Verso la fine del 2017 il progetto della Sidewalk Labs, la divisione di Alphabet (Google) dedicata all’innovazione urbana, si aggiudica la competizione internazionale per realizzare la risistemazione di un’ampia area di Toronto che si affaccia sul fronte est del porto della città. Allo scopo viene creata la Sidewalk Toronto, una joint venture tra la società di Google e la Waterfront Toronto, una corporation no profit in cui sono rappresentati i tre livelli amministrativi della città, della regione e dello stato. Le attese e le ambizioni sono stellari. Il massimo della tecnologia a servizio dell’innovazione urbana per disegnare insieme ai cittadini i più alti livelli di accessibilità abitativa, di nuova mobilità, di sostenibilità ambientale e di sviluppo economico da integrare nel modello più avanzato di smart city, esportabile ovunque nel mondo. In poche parole: la città del futuro, un futuro da sogno ad attrito tendente verso lo zero.
Presto, però, le cose assumono un andamento problematico. Scarsa la visibilità sulla progettazione esecutiva e in particolare sugli aspetti tecnologici. Quando poi i particolari cominciano a trapelare, l’approccio agli “urban data” – come la controllata di Google ha definito i dati catturati 24 ore al giorno 7 giorni su 7 dalle telecamere e da ogni genere di sensori che avrebbero dovuto avere una copertura totale di strade, piazze, locali pubblici, condomini e abitazioni private – si rivela assai poco innovativo.
Al fondo il modello di business è andato a confermare l’approccio tipicamente estrattivo, che concepisce i dati delle persone e della città come un asset finanziario da gestire in maniera proprietaria.
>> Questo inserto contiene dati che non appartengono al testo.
(* Let $\mathit{VI}$ be a finite set of variables with $\#\mathit{VI}=n$ and $k\in\mathbb{N}$ with $1\le k\le n$. Then $\mathrm{dAtoms}(\mathit{TS}_k)=\{\,sh\in\mathrm{MI}(\mathit{TSD}_k)\mid \mathit{VI}\notin sh\,\}$.
   Context: $\mathit{SG}=\wp(\mathit{VI})\setminus\{\emptyset\}$, $\mathit{SH}=\wp(\mathit{SG})$ ordered by inclusion. $\mathrm{tuples}_k(S)=\{T\subseteq S\mid\#T=k\}$, $\mathrm{tuples}_k(sh)=\bigcup_{S'\in sh}\mathrm{tuples}_k(S')$, $\rho_{\mathit{TS}_k}(sh)=\{S\in\mathit{SG}\mid\mathrm{tuples}_k(S)\subseteq\mathrm{tuples}_k(sh)\}$, $\mathit{TS}_k=\rho_{\mathit{TS}_k}(\mathit{SH})$. $\rho_{\mathit{TSD}_k}(sh)=\{\,S\in\mathit{SG}\mid \forall T\subseteq S:\ \#T<k\implies S=\bigcup\{U\in sh\mid T\subseteq U\subseteq S\}\,\}$, $\mathit{TSD}_k=\rho_{\mathit{TSD}_k}(\mathit{SH})$. Both are complete lattices under inclusion with top $\mathit{SG}$. $\mathrm{MI}(C)$ denotes the meet-irreducible elements of a complete lattice $C$ ($x$ with $x=y\wedge z\Rightarrow x=y$ or $x=z$), and $\mathrm{dAtoms}(C)$ its dual-atoms ($x\ne\top$ with $x\le y<\top\Rightarrow x=y$). *)

theory Defs
  imports Main
begin

definition SG :: "'a set \<Rightarrow> 'a set set" where
  "SG VI = Pow VI - {{}}"

definition SH :: "'a set \<Rightarrow> 'a set set set" where
  "SH VI = Pow (SG VI)"

definition tuples :: "nat \<Rightarrow> 'a set \<Rightarrow> 'a set set" where
  "tuples k S = {T. T \<subseteq> S \<and> card T = k}"

definition tuples_sh :: "nat \<Rightarrow> 'a set set \<Rightarrow> 'a set set" where
  "tuples_sh k sh = (\<Union>S'\<in>sh. tuples k S')"

definition rho_TS :: "'a set \<Rightarrow> nat \<Rightarrow> 'a set set \<Rightarrow> 'a set set" where
  "rho_TS VI k sh = {S \<in> SG VI. tuples k S \<subseteq> tuples_sh k sh}"

definition TS :: "'a set \<Rightarrow> nat \<Rightarrow> 'a set set set" where
  "TS VI k = rho_TS VI k ` SH VI"

definition rho_TSD :: "'a set \<Rightarrow> nat \<Rightarrow> 'a set set \<Rightarrow> 'a set set" where
  "rho_TSD VI k sh = {S \<in> SG VI. \<forall>T. T \<subseteq> S \<longrightarrow> card T < k \<longrightarrow>
       S = \<Union>{U \<in> sh. T \<subseteq> U \<and> U \<subseteq> S}}"

definition TSD :: "'a set \<Rightarrow> nat \<Rightarrow> 'a set set set" where
  "TSD VI k = rho_TSD VI k ` SH VI"

definition is_meet_in :: "'b set set \<Rightarrow> 'b set \<Rightarrow> 'b set \<Rightarrow> 'b set \<Rightarrow> bool" where
  "is_meet_in C x y z \<longleftrightarrow> x \<in> C \<and> x \<subseteq> y \<and> x \<subseteq> z \<and>
     (\<forall>w\<in>C. w \<subseteq> y \<and> w \<subseteq> z \<longrightarrow> w \<subseteq> x)"

definition MI :: "'b set set \<Rightarrow> 'b set set" where
  "MI C = {x \<in> C. \<forall>y\<in>C. \<forall>z\<in>C. is_meet_in C x y z \<longrightarrow> x = y \<or> x = z}"

definition dAtoms :: "'b set set \<Rightarrow> 'b set \<Rightarrow> 'b set set" where
  "dAtoms C tp = {x \<in> C. x \<noteq> tp \<and> (\<forall>y\<in>C. x \<subseteq> y \<and> y \<subset> tp \<longrightarrow> x = y)}"

end

theory Submission
  imports Defs
begin

text \<open>Both sides consist of the sharing sets \<open>avoiding VI T\<close> of all groups not containing \<open>T\<close>,
  for the \<open>k\<close>-subsets \<open>T\<close> of \<open>VI\<close>. An element of \<open>TS\<^sub>k\<close> contains every \<open>k\<close>-subset of its
  members, and it is the top once it contains all \<open>k\<close>-subsets; so the dual atoms are the elements
  missing exactly one \<open>k\<close>-subset \<open>T\<close>, namely \<open>avoiding VI T\<close>.
  In \<open>TSD\<^sub>k\<close>, the fixpoint condition puts \<open>VI\<close> into every element that covers all \<open>k\<close>-subsets.
  Hence an element \<open>x\<close> without \<open>VI\<close> lies below some \<open>avoiding VI T\<close> and is the meet of it and
  \<open>insert VI x\<close>, so meet-irreducibility forces \<open>x = avoiding VI T\<close>. Conversely, everything strictly
  above \<open>avoiding VI T\<close> contains \<open>VI\<close>, so \<open>avoiding VI T\<close> has a unique upper cover.\<close>

definition avoiding :: "'a set \<Rightarrow> 'a set \<Rightarrow> 'a set set" where
  "avoiding VI T = {S \<in> SG VI. \<not> T \<subseteq> S}"

lemma mem_SG_iff: "S \<in> SG VI \<longleftrightarrow> S \<subseteq> VI \<and> S \<noteq> {}"
  by (auto simp: SG_def)

lemma tuples_card_self: "finite T \<Longrightarrow> tuples (card T) T = {T}"
  by (auto simp: tuples_def dest: card_subset_eq)

lemma avoiding_subset_SG: "avoiding VI T \<subseteq> SG VI"
  by (auto simp: avoiding_def)

lemma avoiding_neq_SG: "T \<subseteq> VI \<Longrightarrow> T \<noteq> {} \<Longrightarrow> avoiding VI T \<noteq> SG VI"
  by (auto simp: avoiding_def mem_SG_iff)

lemma tuple_eq_if_subset:
  assumes "T \<in> tuples k VI" "T' \<in> tuples k VI" "T \<subseteq> T'" "1 \<le> k"
  shows "T = T'"
proof (rule card_subset_eq)
  show "finite T'" "card T = card T'"
    using assms by (auto simp: tuples_def intro: card_ge_0_finite)
qed (rule assms(3))

lemma TS_subset_SG: "y \<in> TS VI k \<Longrightarrow> y \<subseteq> SG VI"
  by (auto simp: TS_def rho_TS_def)

lemma TS_closed_tuples:
  assumes y: "y \<in> TS VI k" and "S \<in> y" "T \<in> tuples k S" and k: "1 \<le> k"
  shows "T \<in> y"
proof -
  obtain sh where y_eq: "y = rho_TS VI k sh"
    using y by (auto simp: TS_def)
  have "finite T" "T \<noteq> {}" "T \<subseteq> S" "card T = k"
    using \<open>T \<in> tuples k S\<close> k by (auto simp: tuples_def intro: card_ge_0_finite)
  moreover have "S \<in> SG VI" "tuples k S \<subseteq> tuples_sh k sh"
    using \<open>S \<in> y\<close> y_eq by (auto simp: rho_TS_def)
  ultimately show "T \<in> y"
    using \<open>T \<in> tuples k S\<close> y_eq tuples_card_self[of T] by (auto simp: rho_TS_def mem_SG_iff)
qed

lemma TS_eq_SG_if_tuples_subset:
  assumes y: "y \<in> TS VI k" and all: "tuples k VI \<subseteq> y"
  shows "y = SG VI"
proof
  obtain sh where y_eq: "y = rho_TS VI k sh"
    using y by (auto simp: TS_def)
  show "SG VI \<subseteq> y"
  proof
    fix S assume S: "S \<in> SG VI"
    have "tuples k S \<subseteq> tuples_sh k sh"
    proof
      fix T assume T: "T \<in> tuples k S"
      then have "T \<in> y" "T \<in> tuples k T"
        using S all by (auto simp: tuples_def mem_SG_iff)
      then show "T \<in> tuples_sh k sh"
        using y_eq by (auto simp: rho_TS_def)
    qed
    then show "S \<in> y"
      using S y_eq by (auto simp: rho_TS_def)
  qed
qed (rule TS_subset_SG[OF y])

lemma TS_subset_avoiding:
  assumes "y \<in> TS VI k" "T \<notin> y" "card T = k" "1 \<le> k"
  shows "y \<subseteq> avoiding VI T"
  using assms TS_closed_tuples[of y VI k _ T] TS_subset_SG[of y VI k]
  by (auto simp: avoiding_def tuples_def)

lemma avoiding_in_TS:
  assumes "card T = k"
  shows "avoiding VI T \<in> TS VI k"
proof -
  have "rho_TS VI k (avoiding VI T) = avoiding VI T"
  proof (intro subset_antisym subsetI)
    fix S assume "S \<in> rho_TS VI k (avoiding VI T)"
    then have S: "S \<in> SG VI" "tuples k S \<subseteq> tuples_sh k (avoiding VI T)"
      by (auto simp: rho_TS_def)
    have "\<not> T \<subseteq> S"
    proof
      assume "T \<subseteq> S"
      then have "T \<in> tuples_sh k (avoiding VI T)"
        using S(2) assms by (auto simp: tuples_def)
      then show False
        by (auto simp: tuples_sh_def tuples_def avoiding_def)
    qed
    then show "S \<in> avoiding VI T"
      using S(1) by (simp add: avoiding_def)
  next
    fix S assume "S \<in> avoiding VI T"
    then show "S \<in> rho_TS VI k (avoiding VI T)"
      by (auto simp: rho_TS_def avoiding_def tuples_sh_def)
  qed
  then show ?thesis
    using avoiding_subset_SG unfolding TS_def SH_def by (metis PowI image_eqI)
qed

lemma dAtoms_TS:
  assumes k: "1 \<le> k"
  shows "dAtoms (TS VI k) (SG VI) = avoiding VI ` tuples k VI"
proof (intro subset_antisym subsetI)
  fix x assume "x \<in> dAtoms (TS VI k) (SG VI)"
  then have x: "x \<in> TS VI k" "x \<noteq> SG VI"
    and maximal: "\<And>y. y \<in> TS VI k \<Longrightarrow> x \<subseteq> y \<Longrightarrow> y \<subset> SG VI \<Longrightarrow> x = y"
    by (auto simp: dAtoms_def)
  obtain T where T: "T \<in> tuples k VI" "T \<notin> x"
    using TS_eq_SG_if_tuples_subset[OF x(1)] x(2) by blast
  then have "T \<subseteq> VI" "T \<noteq> {}" "card T = k"
    using k by (auto simp: tuples_def)
  then have "avoiding VI T \<in> TS VI k" "avoiding VI T \<subset> SG VI"
    using avoiding_in_TS avoiding_neq_SG avoiding_subset_SG by blast+
  moreover have "x \<subseteq> avoiding VI T"
    using TS_subset_avoiding[OF x(1) T(2) \<open>card T = k\<close> k] .
  ultimately have "x = avoiding VI T"
    using maximal by blast
  then show "x \<in> avoiding VI ` tuples k VI"
    using T(1) by blast
next
  fix x assume "x \<in> avoiding VI ` tuples k VI"
  then obtain T where T: "T \<in> tuples k VI" and x_eq: "x = avoiding VI T"
    by blast
  have "T \<subseteq> VI" "T \<noteq> {}" "card T = k"
    using T k by (auto simp: tuples_def)
  then have "x \<in> TS VI k" "x \<noteq> SG VI"
    using avoiding_neq_SG avoiding_in_TS x_eq by blast+
  moreover have "x = y" if y: "y \<in> TS VI k" "x \<subseteq> y" "y \<subset> SG VI" for y
  proof -
    obtain T' where T': "T' \<in> tuples k VI" "T' \<notin> y"
      using TS_eq_SG_if_tuples_subset[OF y(1)] y(3) by blast
    then have "T' \<in> SG VI"
      using k by (auto simp: tuples_def mem_SG_iff)
    then have "T \<subseteq> T'"
      using T' y(2) x_eq by (auto simp: avoiding_def)
    then have "T = T'"
      using tuple_eq_if_subset[OF T T'(1) _ k] by blast
    then show "x = y"
      using TS_subset_avoiding[OF y(1) T'(2)] T' k y(2) x_eq by (auto simp: tuples_def)
  qed
  ultimately show "x \<in> dAtoms (TS VI k) (SG VI)"
    unfolding dAtoms_def by blast
qed

lemma mem_rho_TSD_iff:
  "S \<in> rho_TSD VI k sh \<longleftrightarrow> S \<in> SG VI \<and>
     (\<forall>T a. T \<subseteq> S \<longrightarrow> card T < k \<longrightarrow> a \<in> S \<longrightarrow> (\<exists>U\<in>sh. T \<subseteq> U \<and> U \<subseteq> S \<and> a \<in> U))"
  unfolding rho_TSD_def by blast

lemma rho_TSD_covers:
  assumes "S \<in> rho_TSD VI k sh" "T \<subseteq> S" "card T < k" "a \<in> S"
  shows "\<exists>U\<in>sh. T \<subseteq> U \<and> U \<subseteq> S \<and> a \<in> U"
  using assms unfolding mem_rho_TSD_iff by blast

lemma rho_TSD_subset_SG: "rho_TSD VI k sh \<subseteq> SG VI"
  by (auto simp: rho_TSD_def)

lemma rho_TSD_increasing:
  assumes "sh \<subseteq> SG VI"
  shows "sh \<subseteq> rho_TSD VI k sh"
proof
  fix S assume "S \<in> sh"
  with assms show "S \<in> rho_TSD VI k sh"
    unfolding mem_rho_TSD_iff by blast
qed

lemma rho_TSD_idem: "rho_TSD VI k (rho_TSD VI k sh) = rho_TSD VI k sh"
proof
  show "rho_TSD VI k (rho_TSD VI k sh) \<subseteq> rho_TSD VI k sh"
  proof
    fix S assume S: "S \<in> rho_TSD VI k (rho_TSD VI k sh)"
    show "S \<in> rho_TSD VI k sh"
      unfolding mem_rho_TSD_iff
    proof (intro conjI allI impI)
      show "S \<in> SG VI"
        using S rho_TSD_subset_SG by blast
      fix T a assume T: "T \<subseteq> S" "card T < k" and "a \<in> S"
      then obtain U where U: "U \<in> rho_TSD VI k sh" "T \<subseteq> U" "U \<subseteq> S" "a \<in> U"
        using rho_TSD_covers[OF S] by blast
      then obtain V where "V \<in> sh" "T \<subseteq> V" "V \<subseteq> U" "a \<in> V"
        using rho_TSD_covers[OF U(1) U(2) T(2) U(4)] by blast
      then show "\<exists>V\<in>sh. T \<subseteq> V \<and> V \<subseteq> S \<and> a \<in> V"
        using U(3) by blast
    qed
  qed
qed (rule rho_TSD_increasing[OF rho_TSD_subset_SG])

lemma TSD_iff_fixpoint: "x \<in> TSD VI k \<longleftrightarrow> x \<subseteq> SG VI \<and> rho_TSD VI k x = x"
  unfolding TSD_def SH_def using rho_TSD_idem rho_TSD_subset_SG by blast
La città è concepita essa stessa come una piattaforma, innervata e governata da infrastrutture tecnologiche che sono in mani private. I dati estratti a ciclo continuo da persone e comunità vengono a loro volta privatizzati per poterne ricavare profitti. Sia mettendoli a disposizione di altri operatori del mercato, sia per vendere servizi e prodotti ai cittadini stessi e all’amministrazione della città.
In questo caso però, quando lo squilibrio di potere e di interesse nella partnership pubblico-privato ha cominciato ad emergere in tutta la sua evidenza, ha dovuto incrociare la denuncia degli attivisti insieme ai ricercatori ed esperti di tecnologie e privacy. È cresciuta e si è diffusa una mobilitazione da parte di comitati e associazioni in difesa dei diritti dei cittadini e dell’abitare così agguerrita da imporre un cambio di atteggiamento dei poteri pubblici. Alla fine, la Sidewalk Labs di fronte alla richiesta da parte dell’Amministrazione di Toronto di sostanziali modifiche al progetto ha deciso di rinunciare. La scelta, nel maggio del 2020, è stata motivata da parte dell’azienda con l’incertezza finanziaria causata dal Covid 19.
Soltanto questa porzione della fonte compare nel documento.